The Role of RUNX1 in CM Cell Cycle Activity and its Impact on Cardiac Regeneration

Kaelin A. Akins, Samantha K. Swift, Mary E. Kolell¹, Michael Flinn, Samantha Paddock, Caitlin O'Meara, Michaela Patterson

Department of Cell Biology, Neurobiology, and Anatomy, and the Cardiovascular Center, Medical College of Wisconsin

Factors responsible for cardiomyocyte proliferation could serve as a potential therapeutic to stimulate endogenous myocardial regeneration following insult, such as ischemic injury. A previously published forward genetics approach assessing the frequency of a rare and presumed proliferative-competent subpopulation of cardiomyocytes, mononuclear diploid cardiomyocytes (MNDCMs), led us to the transcription factor, RUNX1. Here, we examine the effect of RUNX1 on cardiomyocyte cell cycle during postnatal development and cardiac regeneration using cardiomyocyte-specific gain- and loss-of-function mouse models. We hypothesize that RUNX1 overexpression (OE) increases cardiomyocyte cell cycle activity with expansion of the MNDCMs population extending the neonatal regenerative window and positively impacting cardiac regeneration.

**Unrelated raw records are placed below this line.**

lemma quasi_increasing_at_0_if_asymp_increasing:
  assumes "\<delta> > 0" and mono: "mono_on {0<..<\<delta>} \<phi>"
    and lim: "((\<lambda>y. f y / \<phi> y) \<longlongrightarrow> 1) (at_right 0)"
    and pos: "\<And>y. y > 0 \<Longrightarrow> f y > 0"
  shows "quasi_increasing_at_0 f"
  unfolding quasi_increasing_at_0_def
proof (intro allI impI)
  fix K :: real assume "K > 1"
  define k where "k = sqrt K"
  have k: "k > 1" "k * k = K" using \<open>K > 1\<close> by (auto simp: k_def)
  have "eventually (\<lambda>y. 1 / k < f y / \<phi> y \<and> f y / \<phi> y < k) (at_right 0)"
    using order_tendstoD[OF lim, of "1 / k"] order_tendstoD[OF lim, of k] k
    by (auto elim: eventually_elim2)
  then obtain b where b: "b > 0" "\<And>y. 0 < y \<Longrightarrow> y < b \<Longrightarrow> 1 / k < f y / \<phi> y \<and> f y / \<phi> y < k"
    by (auto simp: eventually_at_right_field)
  have bounds: "f y < k * \<phi> y \<and> \<phi> y < k * f y" if "0 < y" "y < b" for y
  proof -
    have "\<phi> y > 0"
    proof (rule ccontr)
      assume "\<not> \<phi> y > 0"
      then have "f y / \<phi> y \<le> 0" using pos[OF that(1)] by (simp add: divide_nonneg_nonpos)
      then show False using b(2)[OF that] k by (smt (verit) divide_pos_pos)
    qed
    then show ?thesis using b(2)[OF that] k by (simp add: field_simps)
  qed
  have "f a \<le> K * f b'" if "0 < a" "a \<le> b'" "b' < min b \<delta>" for a b'
  proof -
    have "\<phi> a \<le> \<phi> b'" using mono_onD[OF mono, of a b'] that by auto
    then have "f a < k * (k * f b')"
      using bounds[of a] bounds[of b'] that k by (smt (verit) mult_left_mono)
    then show ?thesis using k by (simp add: mult.assoc[symmetric])
  qed
  moreover have "min b \<delta> > 0" using b \<open>\<delta> > 0\<close> by simp
  ultimately show "\<exists>d>0. \<forall>a b. 0 < a \<longrightarrow> a \<le> b \<longrightarrow> b < d \<longrightarrow> f a \<le> K * f b" by blast
qed

lemma RV0_ratio_compose_less:
  fixes u v :: "'a \<Rightarrow> real"
  assumes qi: "quasi_increasing_at_0 f" and RV: "RV0 f \<beta>"
    and u: "filterlim u (at_right 0) F" and v: "filterlim v (at_right 0) F"
    and uv: "((\<lambda>t. u t / v t) \<longlongrightarrow> \<kappa>) F" and "\<kappa> > 0" and "\<kappa> powr \<beta> < a"
  shows "eventually (\<lambda>t. f (u t) / f (v t) < a) F"
proof -
  have "((\<lambda>s. s powr \<beta>) \<longlongrightarrow> \<kappa> powr \<beta>) (at_right \<kappa>)"
    using \<open>\<kappa> > 0\<close> by (intro tendsto_intros) auto
  from order_tendstoD(2)[OF this \<open>\<kappa> powr \<beta> < a\<close>] obtain e where
    e: "e > \<kappa>" "\<And>s. \<kappa> < s \<Longrightarrow> s < e \<Longrightarrow> s powr \<beta> < a"
    by (auto simp: eventually_at_right_field)
  define s where "s = (\<kappa> + e) / 2"
  have s: "s > \<kappa>" "s > 0" "s powr \<beta> < a" using e \<open>\<kappa> > 0\<close> by (auto simp: s_def)
  then have "0 < s powr \<beta>" "0 < a" by (simp, smt (verit) powr_gt_zero)
  define K where "K = sqrt (a / s powr \<beta>)"
  have K: "K > 1" "K * K * s powr \<beta> = a" using s \<open>0 < s powr \<beta>\<close> \<open>0 < a\<close> by (auto simp: K_def)
  obtain d where d: "d > 0" "\<And>a b. 0 < a \<Longrightarrow> a \<le> b \<Longrightarrow> b < d \<Longrightarrow> f a \<le> K * f b"
    using quasi_increasing_at_0D[OF qi K(1)] by blast
  have fpos: "\<And>y. y > 0 \<Longrightarrow> f y > 0" using RV by (simp add: RV0_def)
  have "((\<lambda>y. f (s * y) / f y) \<longlongrightarrow> s powr \<beta>) (at_right 0)"
    using RV s by (simp add: RV0_def)
  from filterlim_compose[OF this v]
  have "eventually (\<lambda>t. f (s * v t) / f (v t) < K * s powr \<beta>) F"
    using K s by (intro order_tendstoD) auto
  moreover have "eventually (\<lambda>t. u t / v t < s) F" using uv s(1) by (rule order_tendstoD)
  moreover have "eventually (\<lambda>t. s * v t < d) F"
  proof -
    have "((\<lambda>t. s * v t) \<longlongrightarrow> s * 0) F" using v by (intro tendsto_intros) (simp add: filterlim_at)
    then show ?thesis using d by (intro order_tendstoD) auto
  qed
  moreover have "eventually (\<lambda>t. u t > 0) F" "eventually (\<lambda>t. v t > 0) F"
    using u v by (auto simp: filterlim_at elim: eventually_mono)
  ultimately show ?thesis
  proof eventually_elim
    case (elim t)
    then have "f (u t) \<le> K * f (s * v t)"
      using d(2)[of "u t" "s * v t"] by (simp add: divide_less_eq)
    also have "\<dots> < K * (K * s powr \<beta> * f (v t))"
      using elim K fpos[of "v t"] by (simp add: divide_less_eq)
    also have "\<dots> = a * f (v t)" using K(2) by (simp add: algebra_simps)
    finally show ?case using fpos[of "v t"] elim by (simp add: divide_less_eq)
  qed
qed

lemma RV0_ratio_compose:
  fixes u v :: "'a \<Rightarrow> real"
  assumes qi: "quasi_increasing_at_0 f" and RV: "RV0 f \<beta>"
    and u: "filterlim u (at_right 0) F" and v: "filterlim v (at_right 0) F"
    and uv: "((\<lambda>t. u t / v t) \<longlongrightarrow> \<kappa>) F" and "\<kappa> > 0"
  shows "((\<lambda>t. f (u t) / f (v t)) \<longlongrightarrow> \<kappa> powr \<beta>) F"
proof (rule order_tendstoI)
  show "eventually (\<lambda>t. f (u t) / f (v t) < a) F" if "\<kappa> powr \<beta> < a" for a
    by (rule RV0_ratio_compose_less[OF assms that])
next
  fix a assume a: "a < \<kappa> powr \<beta>"
  have fpos: "\<And>y. y > 0 \<Longrightarrow> f y > 0" using RV by (simp add: RV0_def)
  have pos: "eventually (\<lambda>t. u t > 0 \<and> v t > 0) F"
    using u v by (auto simp: filterlim_at elim: eventually_elim2)
  show "eventually (\<lambda>t. a < f (u t) / f (v t)) F"
  proof (cases "a > 0")
    case False
    from pos show ?thesis
      by eventually_elim (use False fpos in \<open>smt (verit) divide_pos_pos\<close>)
  next
    case True
    \<comment> \<open>The lower bound is the upper bound with the roles of \<open>u\<close> and \<open>v\<close> exchanged.\<close>
    have "((\<lambda>t. v t / u t) \<longlongrightarrow> inverse \<kappa>) F"
      using tendsto_inverse[OF uv] \<open>\<kappa> > 0\<close> by simp
    moreover have "inverse \<kappa> powr \<beta> < inverse a"
      using a True \<open>\<kappa> > 0\<close> by (simp add: inverse_powr)
    ultimately have "eventually (\<lambda>t. f (v t) / f (u t) < inverse a) F"
      using \<open>\<kappa> > 0\<close> by (intro RV0_ratio_compose_less[OF qi RV v u]) auto
    with pos show ?thesis
    proof eventually_elim
      case (elim t)
      then show ?case using fpos[of "u t"] fpos[of "v t"] True by (simp add: field_simps)
    qed
  qed
qed

lemma Lambda_equation_iff:
  fixes \<Lambda> \<rho> L :: real
  assumes "\<Lambda> > 0"
  shows "(1 - \<Lambda>) * \<Lambda> powr (- \<rho>) = L \<longleftrightarrow> \<Lambda> + L * \<Lambda> powr \<rho> = 1"
  using assms by (auto simp: powr_minus field_simps)

lemma ex1_Lambda:
  fixes \<rho> L :: real
  assumes "L > 0" "\<rho> > 0"
  shows "\<exists>!\<Lambda>. 0 < \<Lambda> \<and> \<Lambda> < 1 \<and> (1 - \<Lambda>) * \<Lambda> powr (- \<rho>) = L"
proof -
  define q where "q z = z + L * z powr \<rho>" for z
  have strict: "q z < q z'" if "0 \<le> z" "z < z'" for z z'
    using powr_less_mono2[OF \<open>\<rho> > 0\<close> that] \<open>L > 0\<close> that
    by (auto simp: q_def intro!: add_strict_mono)
  have "continuous_on {0..1} q"
    unfolding q_def using \<open>\<rho> > 0\<close> by (intro continuous_intros continuous_on_powr') auto
  moreover have "q 0 \<le> 1" "1 \<le> q 1" using \<open>L > 0\<close> by (auto simp: q_def)
  ultimately obtain z where z: "0 \<le> z" "z \<le> 1" "q z = 1" using IVT'[of q 0 1 1] by auto
  have "z \<noteq> 0" "z \<noteq> 1" using z \<open>L > 0\<close> by (auto simp: q_def)
  with z have z': "0 < z" "z < 1" by auto
  have eq: "0 < w \<and> w < 1 \<and> (1 - w) * w powr (- \<rho>) = L \<longleftrightarrow> 0 < w \<and> w < 1 \<and> q w = 1" for w
    using Lambda_equation_iff[of w \<rho> L] by (auto simp: q_def)
  show ?thesis unfolding eq
  proof (rule ex1I[of _ z])
    show "0 < z \<and> z < 1 \<and> q z = 1" using z z' by simp
    show "w = z" if "0 < w \<and> w < 1 \<and> q w = 1" for w
      using that z' z(3) strict[of w z] strict[of z w] by (cases w z rule: linorder_cases) auto
  qed
qed

locale restoring_force =
  fixes f :: "real \<Rightarrow> real"
  assumes f_cont: "continuous_on UNIV f"
    and f0: "f 0 = 0"
    and f_sign: "\<And>y. y \<noteq> 0 \<Longrightarrow> y * f y > 0"
    and Fint_at_right_0: "filterlim (Fint f) at_top (at_right 0)"
begin

lemma f_pos: "y > 0 \<Longrightarrow> f y > 0"
  using f_sign[of y] by (simp add: zero_less_mult_iff)

lemma f_neg: "y < 0 \<Longrightarrow> f y < 0"
  using f_sign[of y] by (simp add: zero_less_mult_iff)

lemma continuous_on_inverse_f:
  assumes "0 < a"
  shows "continuous_on {a..b} (\<lambda>u. 1 / f u)"
proof -
  have "f u \<noteq> 0" if "u \<in> {a..b}" for u using that assms f_pos[of u] by auto
  then show ?thesis by (intro continuous_intros continuous_on_subset[OF f_cont]) auto
qed

lemma Fint_split:
  assumes "0 < a" "a \<le> y"
  shows "Fint f y = Fint f a - integral {a..y} (\<lambda>u. 1 / f u)"
proof -
  have combine: "integral {p..q} (\<lambda>u. 1 / f u) + integral {q..r} (\<lambda>u. 1 / f u)
      = integral {p..r} (\<lambda>u. 1 / f u)" if "0 < p" "p \<le> q" "q \<le> r" for p q r
    using that by (intro Henstock_Kurzweil_Integration.integral_combine
        integrable_continuous_real continuous_on_inverse_f) auto
  show ?thesis
    using assms combine[of a y 1] combine[of a 1 y] combine[of 1 a y] by (auto simp: Fint_def)
qed

lemma Fint_has_derivative:
  assumes "y > 0"
  shows "(Fint f has_real_derivative - (1 / f y)) (at y)"
proof -
  have ab: "0 < y / 2" "y / 2 < y" "y < 2 * y" using assms by auto
  have "((\<lambda>z. integral {y / 2..z} (\<lambda>u. 1 / f u)) has_real_derivative 1 / f y) (at y)"
    using integral_has_real_derivative[OF continuous_on_inverse_f[of "y / 2" "2 * y"], of y] ab
    by (simp add: at_within_Icc_at)
  then have "((\<lambda>z. Fint f (y / 2) - integral {y / 2..z} (\<lambda>u. 1 / f u))
      has_real_derivative - (1 / f y)) (at y)"
    by (intro derivative_eq_intros) auto
  then show ?thesis
    by (rule has_field_derivative_transform_within_open[where S="{y / 2<..<2 * y}"])
       (use ab in \<open>auto intro: Fint_split[symmetric]\<close>)
qed

lemma Fint_less_iff:
  assumes "0 < y" "0 < z"
  shows "Fint f z < Fint f y \<longleftrightarrow> y < z"
proof -
  have decr: "Fint f q < Fint f p" if "0 < p" "p < q" for p q
  proof (rule DERIV_neg_imp_decreasing[OF that(2)])
    fix u assume "p \<le> u"
    then show "\<exists>d. (Fint f has_real_derivative d) (at u) \<and> d < 0"
      using Fint_has_derivative[of u] f_pos[of u] that by force
  qed
  show ?thesis using decr[of y z] decr[of z y] assms by (cases y z rule: linorder_cases) auto
qed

RUNX1 expression in cardiomyocytes peaks in the postnatal window and becomes negligible in adulthood. RUNX1 KO decreased postnatal cardiomyocyte cell activity, while RUNX1 OE extended the period of cell cycle activation. This expanded cell cycle activation observed in RUNX1 OE mice is complete with cytokinesis resulting in an expansion of the MNDCM population and total cardiomyocyte endowment. After injury, RUNX1 expression modestly increased in cardiomyocytes. Therefore, we wondered if RUNX1 could similarly regulate cardiomyocyte cell cycle in neonatal regeneration. RUNX1 KO neonates with a P1 resection showed no difference in cell cycle activity, cardiac function, and fibrosis suggestingRUNX1 is not required for neonatal heart regeneration. RUNX1 OE neonatal animals with a P6 MI displayed no difference in cardiomyocyte cell cycle activity at 7days post injury, however, we observed an increase in cell cycle activity 28 days post injury accompanied by exacerbated cardiac function. Examination of the ploidy dynamics revealed that RUNX1 OE neonates displayed a marked increase in the 4N population with decreased 8N and 16N populations, perhaps congruent to ploidy reversal. Taken together, RUNX1 indeed influences cardiomyocyte cell cycle activity in development, a phenomenon which does not perfectly translate in the context of injury.